DIY incubator plans online were all levels of complexity and I couldn’t find anything really simple. So I set about gathering the supplies to make the CHEAPEST and SIMPLEST egg incubator possible. I think I succeeded.

Caveat, I already had some supplies on hand such as lightbulbs, thermometer and scrap wood. But other than that, my total out of pocket was $3. This included the styrofoam bait box ($2) and a lightbulb socket ($1). I also set a goal of making it in under 30 minutes, which if you don’t count the time taking photos for this blog post, I easily pulled off.

Supplies for the egg incubator

Supplies you will need:

  • Styrofoam box
  • Light bulb socket that plugs into standard extension cord
  • Incandescent light bulb (wattage depends on size of box)
  • Scrap wood to make a frame
  • Screen, hardware cloth, or fabric to wrap over the frame
  • Thermometer with humidity gauge (hygrometer)
  • Shallow cup for holding water (the sour cream container in your recycling bin works great)

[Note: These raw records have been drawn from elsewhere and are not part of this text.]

lemma prox_minimizes:
  fixes \<psi> :: "'a::euclidean_space \<Rightarrow> real"
  assumes cvx: "convex_on UNIV \<psi>" and "bdd_below (range \<psi>)" and "\<sigma> > 0"
  shows "\<psi> (prox UNIV \<psi> \<sigma> u) + \<sigma>/2 * (norm (u - prox UNIV \<psi> \<sigma> u))\<^sup>2
           \<le> \<psi> v + \<sigma>/2 * (norm (u - v))\<^sup>2"
proof -
  obtain w where w: "\<forall>v. \<psi> w + \<sigma>/2 * (norm (u - w))\<^sup>2 \<le> \<psi> v + \<sigma>/2 * (norm (u - v))\<^sup>2"
    using prox_objective_has_minimizer[OF convex_on_continuous[OF open_UNIV cvx] assms(2,3)] by blast
  have "prox UNIV \<psi> \<sigma> u = w"
    unfolding prox_def
  proof (rule the_equality)
    fix w'
    assume "w' \<in> UNIV \<and> (\<forall>v\<in>UNIV. \<psi> w' + \<sigma>/2 * (norm (u - w'))\<^sup>2 \<le> \<psi> v + \<sigma>/2 * (norm (u - v))\<^sup>2)"
    then show "w' = w" using prox_objective_minimizer_unique[OF cvx \<open>\<sigma> > 0\<close> w] by simp
  qed (use w in simp)
  then show ?thesis using w by simp
qed

lemma moreau_env_eq_minimum:
  fixes g :: "'a::real_normed_vector \<Rightarrow> real"
  assumes "w \<in> C"
    and "\<forall>v\<in>C. g w + \<sigma>/2 * (norm (u - w))\<^sup>2 \<le> g v + \<sigma>/2 * (norm (u - v))\<^sup>2"
  shows "moreau_env C g \<sigma> u = g w + \<sigma>/2 * (norm (u - w))\<^sup>2"
  unfolding moreau_env_def using assms by (intro cInf_eq_minimum) auto

lemma moreau_env_prox:
  fixes \<psi> :: "'a::euclidean_space \<Rightarrow> real"
  assumes "convex_on UNIV \<psi>" "bdd_below (range \<psi>)" "\<sigma> > 0"
  shows "moreau_env UNIV \<psi> \<sigma> u
           = \<psi> (prox UNIV \<psi> \<sigma> u) + \<sigma>/2 * (norm (u - prox UNIV \<psi> \<sigma> u))\<^sup>2"
  using prox_minimizes[OF assms] by (intro moreau_env_eq_minimum) auto

lemma moreau_env_indicator:
  fixes C :: "'a::euclidean_space set"
  assumes "closed C" "C \<noteq> {}" "\<sigma> \<ge> 0"
  shows "moreau_env C (\<lambda>_. 0) \<sigma> u = \<sigma>/2 * (norm (u - closest_point C u))\<^sup>2"
proof -
  have "\<forall>v\<in>C. 0 + \<sigma>/2 * (norm (u - closest_point C u))\<^sup>2 \<le> 0 + \<sigma>/2 * (norm (u - v))\<^sup>2"
    using closest_point_le[OF \<open>closed C\<close>, of _ u] \<open>\<sigma> \<ge> 0\<close>
    by (auto simp: dist_norm intro!: mult_left_mono power_mono)
  then show ?thesis
    using moreau_env_eq_minimum[of "closest_point C u" C "\<lambda>_. 0"] closest_point_in_set[OF assms(1,2)]
    by simp
qed

lemma closed_nonpos_orthant: "closed nonpos_orthant"
  unfolding nonpos_orthant_def by (intro closed_Collect_all closed_halfspace_component_le_cart)

lemma nonpos_orthant_nonempty: "nonpos_orthant \<noteq> {}"
  by (auto simp: nonpos_orthant_def intro!: exI[of _ 0])

lemma sub_obj_at_prox_closest_point:
  fixes \<psi> :: "real^'m \<Rightarrow> real" and h :: "'a \<Rightarrow> real^'m" and g :: "'a \<Rightarrow> real^'q"
  assumes "convex_on UNIV \<psi>" "bdd_below (range \<psi>)" "\<sigma> > 0"
    and y: "y = prox UNIV \<psi> \<sigma> (h x + lm /\<^sub>R \<sigma>)"
    and z: "z = closest_point nonpos_orthant (g x + gm /\<^sub>R \<sigma>)"
  shows "sub_obj f \<psi> h g \<sigma> lm gm x
           = f x + \<psi> y + (norm (lm + \<sigma> *\<^sub>R (h x - y), gm + \<sigma> *\<^sub>R (g x - z)))\<^sup>2 / (2 * \<sigma>)"
proof -
  have shift: "\<sigma>/2 * (norm (a + b /\<^sub>R \<sigma> - c))\<^sup>2 = (norm (b + \<sigma> *\<^sub>R (a - c)))\<^sup>2 / (2 * \<sigma>)"
    for a b c :: "'v::real_normed_vector"
  proof -
    have "b + \<sigma> *\<^sub>R (a - c) = \<sigma> *\<^sub>R (a + b /\<^sub>R \<sigma> - c)"
      using \<open>\<sigma> > 0\<close> by (simp add: algebra_simps)
    then show ?thesis using \<open>\<sigma> > 0\<close> by (simp add: power_mult_distrib power2_eq_square)
  qed
  have "moreau_env UNIV \<psi> \<sigma> (h x + lm /\<^sub>R \<sigma>)
      = \<psi> y + \<sigma>/2 * (norm (h x + lm /\<^sub>R \<sigma> - y))\<^sup>2"
    using moreau_env_prox[OF assms(1-3)] y by simp
  moreover have "moreau_env nonpos_orthant (\<lambda>_. 0) \<sigma> (g x + gm /\<^sub>R \<sigma>)
      = \<sigma>/2 * (norm (g x + gm /\<^sub>R \<sigma> - z))\<^sup>2"
    unfolding z
    by (rule moreau_env_indicator[OF closed_nonpos_orthant nonpos_orthant_nonempty less_imp_le[OF \<open>\<sigma> > 0\<close>]])
  ultimately show ?thesis
    unfolding sub_obj_def shift norm_Pair by (simp add: add_divide_distrib)
qed

lemma updated_multiplier_norm_sq_le:
  fixes \<psi> :: "real^'m \<Rightarrow> real" and h :: "'a \<Rightarrow> real^'m" and g :: "'a \<Rightarrow> real^'q"
  assumes "convex_on UNIV \<psi>" and lower: "\<forall>u v. B \<le> f u + \<psi> v" and "\<sigma> > 0"
    and "y = prox UNIV \<psi> \<sigma> (h x + lm /\<^sub>R \<sigma>)"
    and "z = closest_point nonpos_orthant (g x + gm /\<^sub>R \<sigma>)"
    and "sub_obj f \<psi> h g \<sigma> lm gm x \<le> \<Phi>"
  shows "(norm (lm + \<sigma> *\<^sub>R (h x - y), gm + \<sigma> *\<^sub>R (g x - z)))\<^sup>2 \<le> 2 * (\<Phi> - B) * \<sigma>"
proof -
  have bdd: "bdd_below (range \<psi>)"
    using lower by (intro bdd_belowI2[of _ "B - f x"]) (simp add: algebra_simps)
  have "sub_obj f \<psi> h g \<sigma> lm gm x
      = f x + \<psi> y + (norm (lm + \<sigma> *\<^sub>R (h x - y), gm + \<sigma> *\<^sub>R (g x - z)))\<^sup>2 / (2 * \<sigma>)"
    by (rule sub_obj_at_prox_closest_point) (simp_all only: assms(1,3-5) bdd)
  moreover have "B \<le> f x + \<psi> y" using lower by blast
  ultimately have "(norm (lm + \<sigma> *\<^sub>R (h x - y), gm + \<sigma> *\<^sub>R (g x - z)))\<^sup>2 / (2 * \<sigma>) \<le> \<Phi> - B"
    using \<open>sub_obj f \<psi> h g \<sigma> lm gm x \<le> \<Phi>\<close> by linarith
  then show ?thesis using \<open>\<sigma> > 0\<close> by (simp add: pos_divide_le_eq mult_ac)
qed

lemma incseq_if_keep_or_scale_up:
  fixes \<sigma> :: "nat \<Rightarrow> real"
  assumes "0 < \<sigma> 0" "1 \<le> \<rho>" and step: "\<forall>k. \<sigma> (Suc k) = \<sigma> k \<or> \<rho> * \<sigma> k \<le> \<sigma> (Suc k)"
  shows "incseq \<sigma>"
proof -
  have mono_step: "\<sigma> k \<le> \<sigma> (Suc k)" if "0 < \<sigma> k" for k
  proof -
    have "\<sigma> k \<le> \<rho> * \<sigma> k"
      using mult_right_mono[OF \<open>1 \<le> \<rho>\<close> less_imp_le[OF that]] by simp
    then show ?thesis using step[rule_format, of k] by (metis order.trans order.refl)
  qed
  have "0 < \<sigma> k \<and> \<sigma> k \<le> \<sigma> (Suc k)" for k
    by (induction k) (use assms(1) mono_step in \<open>auto intro: less_le_trans\<close>)
  then show ?thesis by (simp add: incseq_SucI)
qed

Building frame for the egg incubator

Step 1: Build a frame to fit the inner dimensions of your styrofoam box. Mine was 12″ x 10″.

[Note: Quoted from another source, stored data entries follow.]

(* Let $(\Omega,\mathcal{F})$ be a measurable space, $\mathcal{P}$ a nonempty set of probability measures on it, $\hat{\mathbb{E}}[Z]=\sup_{P\in\mathcal{P}}E_P[Z]$, and let $X,Y$ be random variables with $\hat{\mathbb{E}}[X^2]+\hat{\mathbb{E}}[Y^2]<\infty$. Put $U=\frac{X+Y}{2}$ and $V=\frac{X-Y}{2}$. Then (i) $\overline{C}(X,Y)=\max_{\beta\in\mathbb{R}}\min_{\alpha\in\mathbb{R}}\hat{\mathbb{E}}[(U-\alpha)^2-(V-\beta)^2]$, and there exist $\alpha^*\in M_U$, $\beta^*\in M_V$ such that $\overline{C}(X,Y)=\hat{\mathbb{E}}[(U-\alpha^* )^2-(V-\beta^* )^2]$; (ii) $\underline{C}(X,Y)=\min_{\alpha\in\mathbb{R}}\max_{\beta\in\mathbb{R}}\left(-\hat{\mathbb{E}}[-(U-\alpha)^2+(V-\beta)^2]\right)$, and there exist $\alpha^*\in M_U$, $\beta^*\in M_V$ such that $\underline{C}(X,Y)=-\hat{\mathbb{E}}[-(U-\alpha^* )^2+(V-\beta^* )^2]$.
   Context: For a random variable $W$ with $\hat{\mathbb{E}}[W^2]<\infty$: $\overline{\mu}_W=\hat{\mathbb{E}}[W]$, $\underline{\mu}_W=-\hat{\mathbb{E}}[-W]$, $M_W=[\underline{\mu}_W,\overline{\mu}_W]$. Upper covariance $\overline{C}(X,Y)=\max_{\mu_2\in M_Y}\min_{\mu_1\in M_X}\hat{\mathbb{E}}[(X-\mu_1)(Y-\mu_2)]$; lower covariance $\underline{C}(X,Y)=\min_{\mu_2\in M_Y}\max_{\mu_1\in M_X}\left(-\hat{\mathbb{E}}[-(X-\mu_1)(Y-\mu_2)]\right)$. *)

theory Defs
  imports "HOL-Probability.Probability"
begin

definition sub_exp :: "'a measure set \<Rightarrow> ('a \<Rightarrow> real) \<Rightarrow> real" where
  "sub_exp Ps Z = (SUP P\<in>Ps. integral\<^sup>L P Z)"

definition upper_mean :: "'a measure set \<Rightarrow> ('a \<Rightarrow> real) \<Rightarrow> real" where
  "upper_mean Ps W = sub_exp Ps W"

definition lower_mean :: "'a measure set \<Rightarrow> ('a \<Rightarrow> real) \<Rightarrow> real" where
  "lower_mean Ps W = - sub_exp Ps (\<lambda>w. - W w)"

definition mean_set :: "'a measure set \<Rightarrow> ('a \<Rightarrow> real) \<Rightarrow> real set" where
  "mean_set Ps W = {lower_mean Ps W .. upper_mean Ps W}"

definition upper_cov :: "'a measure set \<Rightarrow> ('a \<Rightarrow> real) \<Rightarrow> ('a \<Rightarrow> real) \<Rightarrow> real" where
  "upper_cov Ps X Y = (SUP m2\<in>mean_set Ps Y. INF m1\<in>mean_set Ps X.
       sub_exp Ps (\<lambda>w. (X w - m1) * (Y w - m2)))"

definition lower_cov :: "'a measure set \<Rightarrow> ('a \<Rightarrow> real) \<Rightarrow> ('a \<Rightarrow> real) \<Rightarrow> real" where
  "lower_cov Ps X Y = (INF m2\<in>mean_set Ps Y. SUP m1\<in>mean_set Ps X.
       - sub_exp Ps (\<lambda>w. - ((X w - m1) * (Y w - m2))))"

text \<open>v = max_{b in R} min_{a in R} F b a, with all the max/min attained.\<close>
definition is_maxmin :: "real \<Rightarrow> (real \<Rightarrow> real \<Rightarrow> real) \<Rightarrow> bool" where
  "is_maxmin v F \<longleftrightarrow>
     (\<forall>b. \<exists>a0. \<forall>a. F b a0 \<le> F b a) \<and>
     (\<exists>b0. (INF a. F b0 a) = v) \<and> (\<forall>b. (INF a. F b a) \<le> v)"

text \<open>v = min_{a in R} max_{b in R} F a b, with all the min/max attained.\<close>
definition is_minmax :: "real \<Rightarrow> (real \<Rightarrow> real \<Rightarrow> real) \<Rightarrow> bool" where
  "is_minmax v F \<longleftrightarrow>
     (\<forall>a. \<exists>b0. \<forall>b. F a b \<le> F a b0) \<and>
     (\<exists>a0. (SUP b. F a0 b) = v) \<and> (\<forall>a. v \<le> (SUP b. F a b))"

end

theory Submission
  imports Defs
begin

Cut out screen to fit the frame

Step 2: Fit screen/hardware cloth/cloth over the frame and staple in place.

Attaching screen to the frame

Finished frame for the egg incubator

Installing socket into the styrofoam box

Step 3: Cut or drill a hole into the side of the box and install the lightbulb socket.

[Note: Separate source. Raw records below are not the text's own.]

lemma even_coprime_dvd_mult_minus_iff:
  fixes s t M :: int
  assumes "even t" "coprime s M" "M \<noteq> 0"
  shows "2 * M dvd s * t - M \<longleftrightarrow> 2 * M dvd t - M"
proof -
  \<comment> \<open>Either side forces \<open>M dvd t\<close>; for \<open>t = M * w\<close> both then say that \<open>w\<close> is odd,
    because \<open>s\<close> is odd whenever \<open>M\<close> is even.\<close>
  have "M dvd t" if "2 * M dvd s * t - M \<or> 2 * M dvd t - M"
  proof -
    have "M dvd s * t - M \<or> M dvd t - M" using that by (auto dest: dvd_mult_right)
    then have "M dvd s * t" by (metis dvd_diff_commute dvd_add_right_iff diff_add_cancel dvd_refl dvd_mult)
    then show ?thesis using assms(2) by (simp add: coprime_dvd_mult_right_iff coprime_commute)
  qed
  moreover have "2 * M dvd s * t - M \<longleftrightarrow> 2 * M dvd t - M" if t: "t = M * w" for w
  proof -
    have "2 * M dvd a * (M * w) - M \<longleftrightarrow> odd (a * w)" for a
    proof -
      have "a * (M * w) - M = M * (a * w - 1)" by (simp add: algebra_simps)
      then have "2 * M dvd a * (M * w) - M \<longleftrightarrow> M * 2 dvd M * (a * w - 1)"
        by (simp add: mult.commute)
      also have "\<dots> \<longleftrightarrow> odd (a * w)" using assms(3) by simp
      finally show ?thesis .
    qed
    note odd = this[of s] this[of 1]
    have "odd s" if "odd w"
    proof -
      have "even M" using \<open>even t\<close> t that by simp
      then show ?thesis using coprime_common_divisor[OF assms(2), of 2] by auto
    qed
    then show ?thesis using odd t by auto
  qed
  ultimately show ?thesis by (metis dvdE)
qed

text \<open>The exponents \<open>N\<close> for which \<open>\<zeta>\<^sub>4 \<mapsto> \<zeta>\<^sub>4^N\<close>, \<open>z \<mapsto> z^N\<close> fixes
  \<open>\<zeta>\<^sub>4 (z^s + z^(-s))\<close> for every \<open>s\<close> coprime to \<open>m\<close>.\<close>

definition fibotomic_fixing_exponent :: "nat \<Rightarrow> int \<Rightarrow> bool" where
  "fibotomic_fixing_exponent m N \<longleftrightarrow>
     (N mod 4 = 1 \<and> ([N = 1] (mod int (2*m)) \<or> [N = -1] (mod int (2*m)))) \<or>
     (N mod 4 = 3 \<and> ([N = int m + 1] (mod int (2*m)) \<or> [N = int m - 1] (mod int (2*m))))"

lemma fibotomic_conjugate_eq_iff:
  fixes i z :: "'a::field" and N :: nat and s :: int
  assumes "odd N" and i: "prim_root_unity 4 i" and z: "prim_root_unity (2*m) z"
    and "m > 0" and "coprime s (int m)"
  shows "i ^ N * (z powi (s * N) + z powi (- (s * N))) = i * (z powi s + z powi (- s))
    \<longleftrightarrow> fibotomic_fixing_exponent m (int N)"
proof -
  have "i \<noteq> 0" using prim_root_unity_nonzero[OF i] by simp
  have even: "even (int N - 1)" "even (int N + 1)" using \<open>odd N\<close> by auto
  have two_m: "int (2 * m) = 2 * int m" "int m \<noteq> 0" using \<open>m > 0\<close> by simp_all
  have "int N mod 4 = int (N mod 4)" by (simp add: zmod_int)
  show ?thesis
  proof (cases "N mod 4 = 1")
    case True
    then have "i ^ N = i" using prim_root_unity_4_power_odd[OF i \<open>odd N\<close>] by simp
    then have "i ^ N * (z powi (s * N) + z powi (- (s * N))) = i * (z powi s + z powi (- s))
        \<longleftrightarrow> z powi (s * N) + z powi (- (s * N)) = z powi s + z powi (- s)"
      using \<open>i \<noteq> 0\<close> by simp
    also have "\<dots> \<longleftrightarrow> int (2 * m) dvd s * N - s \<or> int (2 * m) dvd s * N + s"
      using prim_root_unity_powi_sum_eq_iff[OF z] \<open>m > 0\<close> by simp
    also have "\<dots> \<longleftrightarrow> [int N = 1] (mod int (2*m)) \<or> [int N = -1] (mod int (2*m))"
      using even_coprime_dvd_mult_iff[OF even(1) \<open>coprime s (int m)\<close>]
        even_coprime_dvd_mult_iff[OF even(2) \<open>coprime s (int m)\<close>]
      by (simp add: cong_iff_dvd_diff two_m algebra_simps)
    finally show ?thesis
      using True \<open>int N mod 4 = int (N mod 4)\<close> by (simp add: fibotomic_fixing_exponent_def)
  next
    case False
    then have "N mod 4 = 3" using \<open>odd N\<close> by presburger
    then have "i ^ N = - i" using prim_root_unity_4_power_odd[OF i \<open>odd N\<close>] by simp
    then have "i ^ N * (z powi (s * N) + z powi (- (s * N))) = i * (z powi s + z powi (- s))
        \<longleftrightarrow> i * - (z powi (s * N) + z powi (- (s * N))) = i * (z powi s + z powi (- s))"
      by (simp only: mult_minus_left mult_minus_right)
    also have "\<dots> \<longleftrightarrow> z powi (s * N) + z powi (- (s * N)) = - (z powi s + z powi (- s))"
      using mult_left_cancel[OF \<open>i \<noteq> 0\<close>] minus_equation_iff by metis
    also have "\<dots> \<longleftrightarrow> int (2 * m) dvd s * N - s - int m \<or> int (2 * m) dvd s * N + s - int m"
      by (rule prim_root_unity_powi_sum_eq_minus_iff[OF z \<open>m > 0\<close>])
    also have "\<dots> \<longleftrightarrow> [int N = int m + 1] (mod int (2*m)) \<or> [int N = int m - 1] (mod int (2*m))"
      using even_coprime_dvd_mult_minus_iff[OF even(1) \<open>coprime s (int m)\<close> two_m(2)]
        even_coprime_dvd_mult_minus_iff[OF even(2) \<open>coprime s (int m)\<close> two_m(2)]
      by (simp add: cong_iff_dvd_diff two_m algebra_simps)
    finally show ?thesis
      using \<open>N mod 4 = 3\<close> \<open>int N mod 4 = int (N mod 4)\<close> by (simp add: fibotomic_fixing_exponent_def)
  qed
qed

lemma power_CHAR_power_fibotomic:
  fixes i z :: "'a::field"
  assumes "prime CHAR('a)"
  shows "(i * (z powi s + z powi (- s))) ^ (CHAR('a) ^ k)
    = i ^ (CHAR('a) ^ k) * (z powi (s * (CHAR('a) ^ k)) + z powi (- (s * (CHAR('a) ^ k))))"
  by (simp add: freshmans_dream'[OF assms refl] power_mult_distrib power_int_power')

definition fibotomic_orbit_length :: "nat \<Rightarrow> nat \<Rightarrow> nat \<Rightarrow> bool" where
  "fibotomic_orbit_length m p t \<longleftrightarrow> 0 < t \<and> fibotomic_fixing_exponent m (int p ^ t) \<and>
     (\<forall>j. 0 < j \<and> j < t \<longrightarrow> \<not> fibotomic_fixing_exponent m (int p ^ j))"

lemma min_poly_degree_fibotomic:
  fixes i z :: "'a::field"
  assumes "prime CHAR('a)" "odd CHAR('a)" "prim_root_unity 4 i" "prim_root_unity (2*m) z"
    and "m > 0" "coprime s (int m)" and "fibotomic_orbit_length m CHAR('a) t"
  shows "min_poly_degree (i * (z powi s + z powi (- s))) = t"
proof -
  have "(i * (z powi s + z powi (- s))) ^ (CHAR('a) ^ d) = i * (z powi s + z powi (- s))
      \<longleftrightarrow> fibotomic_fixing_exponent m (int CHAR('a) ^ d)" for d
    using power_CHAR_power_fibotomic[OF assms(1), of i z s d]
      fibotomic_conjugate_eq_iff[of "CHAR('a) ^ d", OF _ assms(3-6)] assms(2)
    by simp
  then show ?thesis
    using assms(7) unfolding fibotomic_orbit_length_def
    by (intro min_poly_degree_eq_orbit_length[OF assms(1)]) auto
qed

section \<open>The length of the orbit\<close>

lemma cong_int_power_one_iff_ord_dvd:
  "[int a ^ d = 1] (mod int n) \<longleftrightarrow> ord n a dvd d"
  by (metis cong_int_iff of_nat_1 of_nat_power ord_divides)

Lightbulb in the egg incubator

Your lightbulb wattage depends on the size of the box. Generally, 10-40 watts should be sufficient. Appliance lightbulbs are perfect because of their compact size.

Drilling vents for airflow

Step 4: Drill some holes into the side and lid for venting. I put 2 holes on each side and 4 holes in the lid.

Final assembly of the egg incubator

Step 5: Final assembly. Put the water cup in first, followed by the frame. Then install the lightbulb and place a thermometer inside. I set down several eggs to test out the weight.

An optional step is to add a viewing window. I used the glass from an ugly 5×7 frame:

Picture frame glass

Cut out a slightly smaller hatch in the lid, then tape down the edges for a slick viewing window:

Finished egg incubator with fertile eggs

Incubating the eggs

After we had the incubator, the hardest part was fine-tuning the temperature. Hatching chicks requires a very fine tolerance, 99 to 102 degrees F. And you need to hold that temperature for 21 days. You also need to maintain the humidity around 40% for the first 18 days, then 60-70% the last 3 days. With cheap supplies, this can be a challenge, but not impossible. Basically, you have three options:

The Free Way

The simplest, but crudest way to manage temperature is to cut small holes in the lid until you find the right temperature (you can always tape over them if you overdo it).

The Easy Way

A very easy way to manage temperature is to buy a dimmer switch for plug-in lamps. These cost about $5 at the hardware store and make it extremely easy to find the right temperature.

The Foolproof Way

Even with a dimmer switch, you don’t know for sure if the temperature will hold for long periods. If it is increasing at 0.5 degrees per hour, you might wake up with hardboiled eggs in the morning (I lost a few nights’ sleep this way). The only surefire way to keep your eggs from overheating is to purchase a water heater thermostat and wire it into the power source. This will automatically turn off the lightbulb when it gets too hot, and turn it back on again when within the desired range.

Other stuff


It has been difficult to keep the humidity high enough during the dry Winter months. I’ve found a wetted sponge does the trick.

Turning Eggs

It’s also important to turn the eggs a few times each day. This keeps the developing embryo from sticking to shell wall and deforming. I turn my eggs 3 times each day, so it is always a different side overnight.


I’ll get to some of the other topics later, such as candling eggs to check for fertility, so check back for updates on the progress of this batch. Even in the best of conditions, success rates vary widely. I don’t know what will come of this latest experiment, but I’ve learned so much already.